# Non-Linear Relationships, from Philip McDonnell

I would like to offer some simple thoughts on non-linear relationships. The usual way to study non-linear correlations is to transform one or more of the variables in question. For example if we have a reason to believe that the underlying process is multiplicative then we can use a log function to model our data. When we do a correlation or regression of y~x we can just take the transformed variables ln(y)~ln(x) as our new data set. We are still doing a linear correlation or a linear regression but now we are doing it on the transformed variables.

Ideally we would know the form of the non-linear relationship from some theory. Absent that we could use a general functional form such as the polynomials. So our transform could be something like X^2, X^3, or X^4. Using one of these terms is usually pretty safe. But combining them in a multiple regression can be problematic. The reason is that the terms x^2 and x^3 are about 67% correlated.

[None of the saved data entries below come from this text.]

text \<open>Reordering the arguments, every \<open>\<langle>u\<^sub>j\<^sub>1, \<dots>, u\<^sub>j\<^sub>n\<rangle>\<^sub>\<sigma>\<close> becomes a product of basis
  elements followed by copies of \<open>V\<close>, the shape treated by the axioms of a quasi-multiplicative basis.\<close>

lemma gen_prod_indices_normal_form:
  assumes \<sigma>: "\<sigma> permutes {..<n}" and js: "length js = n" "set js \<subseteq> idx_set B"
  obtains \<tau> es where "\<tau> permutes {..<n}" "set es \<subseteq> B" "length es \<le> n"
    "gp \<sigma> (map (u_of V) js) = gp \<tau> (map (\<lambda>x. {x}) es @ replicate (n - length es) V)"
    "length es = 0 \<longleftrightarrow> set js \<subseteq> {None}" "length es = n \<longleftrightarrow> None \<notin> set js"
proof -
  define js1 where "js1 = filter (\<lambda>j. j \<noteq> None) js"
  define js2 where "js2 = filter (\<lambda>j. j = None) js"
  have "mset js = mset (js1 @ js2)"
    unfolding js1_def js2_def by (induction js) (auto simp: add.commute add.left_commute)
  then obtain \<rho> where \<rho>: "\<rho> permutes {..<length (js1 @ js2)}" "permute_list \<rho> (js1 @ js2) = js"
    by (rule mset_eq_permutation)
  have l: "length js1 + length js2 = n"
    using sum_length_filter_compl[of "\<lambda>j. j \<noteq> None" js] js(1) by (simp add: js1_def js2_def)
  then have \<rho>n: "\<rho> permutes {..<n}" using \<rho>(1) by simp
  define es where "es = map the js1"
  have les: "length es = length js1" by (simp add: es_def)
  have "js2 = replicate (length js2) None"
    using replicate_length_filter[of None js] by (simp add: js2_def eq_commute[of None])
  moreover have "length js2 = n - length es" using l les by simp
  ultimately have js2: "js2 = replicate (n - length es) None" by simp
  have esB: "set es \<subseteq> B" using js(2) by (auto simp: es_def js1_def idx_set_def)
  have can: "map (u_of V) (js1 @ js2) = map (\<lambda>x. {x}) es @ replicate (n - length es) V"
    using js2 by (auto simp: es_def js1_def u_of_def)
  show thesis
  proof
    show \<tau>: "\<rho> \<circ> \<sigma> permutes {..<n}" by (rule permutes_compose[OF \<sigma> \<rho>n])
    show "gp \<sigma> (map (u_of V) js) = gp (\<rho> \<circ> \<sigma>) (map (\<lambda>x. {x}) es @ replicate (n - length es) V)"
    proof (rule gen_prod_cong[OF \<sigma> \<tau>], intro allI impI)
      fix p assume "p < n"
      then have p: "\<sigma> p < n" "\<rho> (\<sigma> p) < n" using permutes_less[OF \<sigma>] permutes_less[OF \<rho>n] by auto
      have "map (u_of V) js ! \<sigma> p = u_of V ((js1 @ js2) ! \<rho> (\<sigma> p))"
        using p \<rho> js(1) l permute_list_nth[OF \<rho>(1)] by auto
      also have "\<dots> = map (u_of V) (js1 @ js2) ! \<rho> (\<sigma> p)" using p l by (simp del: map_append)
      also have "\<dots> = (map (\<lambda>x. {x}) es @ replicate (n - length es) V) ! (\<rho> \<circ> \<sigma>) p"
        by (simp only: can comp_def)
      finally show "map (u_of V) js ! \<sigma> p = (map (\<lambda>x. {x}) es @ replicate (n - length es) V) ! (\<rho> \<circ> \<sigma>) p" .
    qed
    have "js1 = [] \<longleftrightarrow> set js \<subseteq> {None}" "js2 = [] \<longleftrightarrow> None \<notin> set js"
      unfolding js1_def js2_def filter_empty_conv by (auto, metis option.exhaust)
    then show "length es = 0 \<longleftrightarrow> set js \<subseteq> {None}" "length es = n \<longleftrightarrow> None \<notin> set js"
      using les l by auto
  qed (use esB les l in auto)
qed

lemma gen_prod_indices_cases:
  assumes \<sigma>: "\<sigma> permutes {..<n}" and js: "length js = n" "set js \<subseteq> idx_set B"
  shows "(\<exists>e\<in>B. gp \<sigma> (map (u_of V) js) \<subseteq> line scale e) \<or>
    (gp \<sigma> (map (u_of V) js) \<subseteq> V \<and> (None \<notin> set js \<or> set js \<subseteq> {None}))"
proof -
  obtain \<tau> es where \<tau>: "\<tau> permutes {..<n}" and es: "set es \<subseteq> B" "length es \<le> n"
    and eq: "gp \<sigma> (map (u_of V) js) = gp \<tau> (map (\<lambda>x. {x}) es @ replicate (n - length es) V)"
    and none: "length es = 0 \<longleftrightarrow> set js \<subseteq> {None}" "length es = n \<longleftrightarrow> None \<notin> set js"
    using gen_prod_indices_normal_form[OF assms] .
  consider "length es = 0" | "length es = n" | "0 < length es \<and> length es < n" using es(2) by linarith
  then show ?thesis
  proof cases
    case 1
    have "gp \<tau> (map (\<lambda>x. {x}) es @ replicate (n - length es) V) = gp id (replicate n V)"
      using 1 permutes_less[OF \<tau>] by (intro gen_prod_cong[OF \<tau> permutes_id]) simp
    then show ?thesis using V_product eq none(1) 1 by auto
  next
    case 2
    define zs0 where "zs0 = permute_list \<tau> es"
    have \<tau>e: "\<tau> permutes {..<length es}" using \<tau> 2 by simp
    have zs0: "length zs0 = n" "set zs0 \<subseteq> B" using 2 es(1) by (auto simp: zs0_def \<tau>e)
    have gp_sub: "gp \<tau> (map (\<lambda>x. {x}) es @ replicate (n - length es) V) \<subseteq> T"
      if "subspace T" "mul zs0 \<in> T" for T
    proof (rule gen_prod_subset[OF \<tau> that(1)])
      fix zs assume "length zs = n" "\<forall>p<n. zs ! p \<in> (map (\<lambda>x. {x}) es @ replicate (n - length es) V) ! \<tau> p"
      then have "zs = zs0"
        using 2 permutes_less[OF \<tau>] by (intro nth_equalityI) (auto simp: zs0_def permute_list_nth[OF \<tau>e])
      then show "mul zs \<in> T" using that(2) by simp
    qed
    from basis_product[rule_format, OF zs0] show ?thesis
    proof
      assume "\<exists>e\<in>B. mul zs0 \<in> line scale e"
      then show ?thesis using gp_sub[OF subspace_line] eq by blast
    next
      assume "mul zs0 \<in> V"
      then show ?thesis using gp_sub[OF subspace_V] eq none(2) 2 by blast
    qed
  next
    case 3
    then show ?thesis using basis_V_product \<tau> es(1) eq by auto
  qed
qed

lemma gen_prod_indices_subset_line:
  assumes \<sigma>: "\<sigma> permutes {..<n}" and js: "length js = n" "set js \<subseteq> idx_set B"
    and x: "x \<in> gp \<sigma> (map (u_of V) js)" "x \<noteq> 0" "x \<in> line scale y" and y: "y \<in> B"
  shows "gp \<sigma> (map (u_of V) js) \<subseteq> line scale y"
  using gen_prod_indices_cases[OF \<sigma> js]
proof (elim disjE conjE bexE)
  fix e assume "e \<in> B" "gp \<sigma> (map (u_of V) js) \<subseteq> line scale e"
  moreover from this have "e = y" using basis_elem_unique_line[OF _ y x(2) _ x(3)] x(1) by blast
  ultimately show ?thesis by simp
qed (use line_inter_V[OF y] x in blast)+

lemma product_mem_gen_prod_indices:
  assumes zs: "length zs = n" "set zs \<subseteq> B \<union> V" "z \<in> set zs" and z: "z \<in> B"
  obtains \<sigma> ks where "\<sigma> permutes {..<n}" "length ks = n - 1" "set ks \<subseteq> idx_set B"
    "mul zs \<in> gp \<sigma> (map (u_of V) (Some z # ks))"
proof -
  define tag where "tag w = (if w \<in> B then Some w else None)" for w
  obtain p where p: "p < n" "zs ! p = z" using zs(1,3) by (metis in_set_conv_nth)
  define xs where "xs = z # take p zs @ drop (Suc p) zs"
  have "mset zs = mset xs"
    using arg_cong[OF id_take_nth_drop[of p zs], of mset] p zs(1) by (simp add: xs_def)
  then obtain \<sigma> where \<sigma>0: "\<sigma> permutes {..<length xs}" "permute_list \<sigma> xs = zs"
    using mset_eq_permutation by metis
  have lx: "length xs = n" using zs(1) p(1) by (simp add: xs_def)
  have \<sigma>: "\<sigma> permutes {..<n}" using \<sigma>0(1) lx by simp
  define ks where "ks = map tag (take p zs @ drop (Suc p) zs)"
  have js: "map tag xs = Some z # ks" using z by (simp add: xs_def ks_def tag_def)
  have ks: "length ks = n - 1" "set ks \<subseteq> idx_set B" using zs(1) p(1) by (auto simp: ks_def tag_def idx_set_def)
  have "mul zs \<in> gp \<sigma> (map (u_of V) (Some z # ks))"
  proof (rule mul_mem_gen_prod[OF \<sigma> zs(1)], intro allI impI)
    fix q assume q: "q < n"
    have "xs ! \<sigma> q \<in> B \<union> V"
      using zs(2) \<sigma>0(2) permutes_less[OF \<sigma> q] lx set_permute_list[OF \<sigma>0(1)] nth_mem by (metis subsetD)
    then have "xs ! \<sigma> q \<in> u_of V (map tag xs ! \<sigma> q)"
      using permutes_less[OF \<sigma> q] lx by (auto simp: tag_def u_of_def)
    moreover have "zs ! q = xs ! \<sigma> q" using permute_list_nth[OF \<sigma>0(1), of q] \<sigma>0(2) lx q by simp
    moreover have "map (u_of V) (Some z # ks) ! \<sigma> q = u_of V (map tag xs ! \<sigma> q)"
      using permutes_less[OF \<sigma> q] lx by (simp flip: js)
    ultimately show "zs ! q \<in> map (u_of V) (Some z # ks) ! \<sigma> q" by simp
  qed
  then show thesis using that[OF \<sigma> ks] by blast
qed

Using highly correlated variables to model or predict some third variable is a bad idea because you cannot trust the statistics you get.

One way around that is to use orthogonal polynomials or functions. We have previously discussed Fourier transforms and Chebychev polynomials. Both of these classes are orthogonal which also means that we can fit a few terms and add or delete terms at will. The fitted coefficients will not change if we truncate or add to the series. Each term is guaranteed to be linearly independent of the others.

Using one of these terms is usually pretty safe. But combining them in a multiple regression can be problematic. The reason is that the terms x^2 and x^3 are about 67% correlated. Using highly correlated variables to model or predict some third variable is a bad idea because you cannot trust the statistics you get.

I have a question.

One of the reasons for adding regressors is to take into account all possible reasons behind a move in the variable we are trying to explain. However, multicollinearity being prevalent in finance, it is a source of headaches.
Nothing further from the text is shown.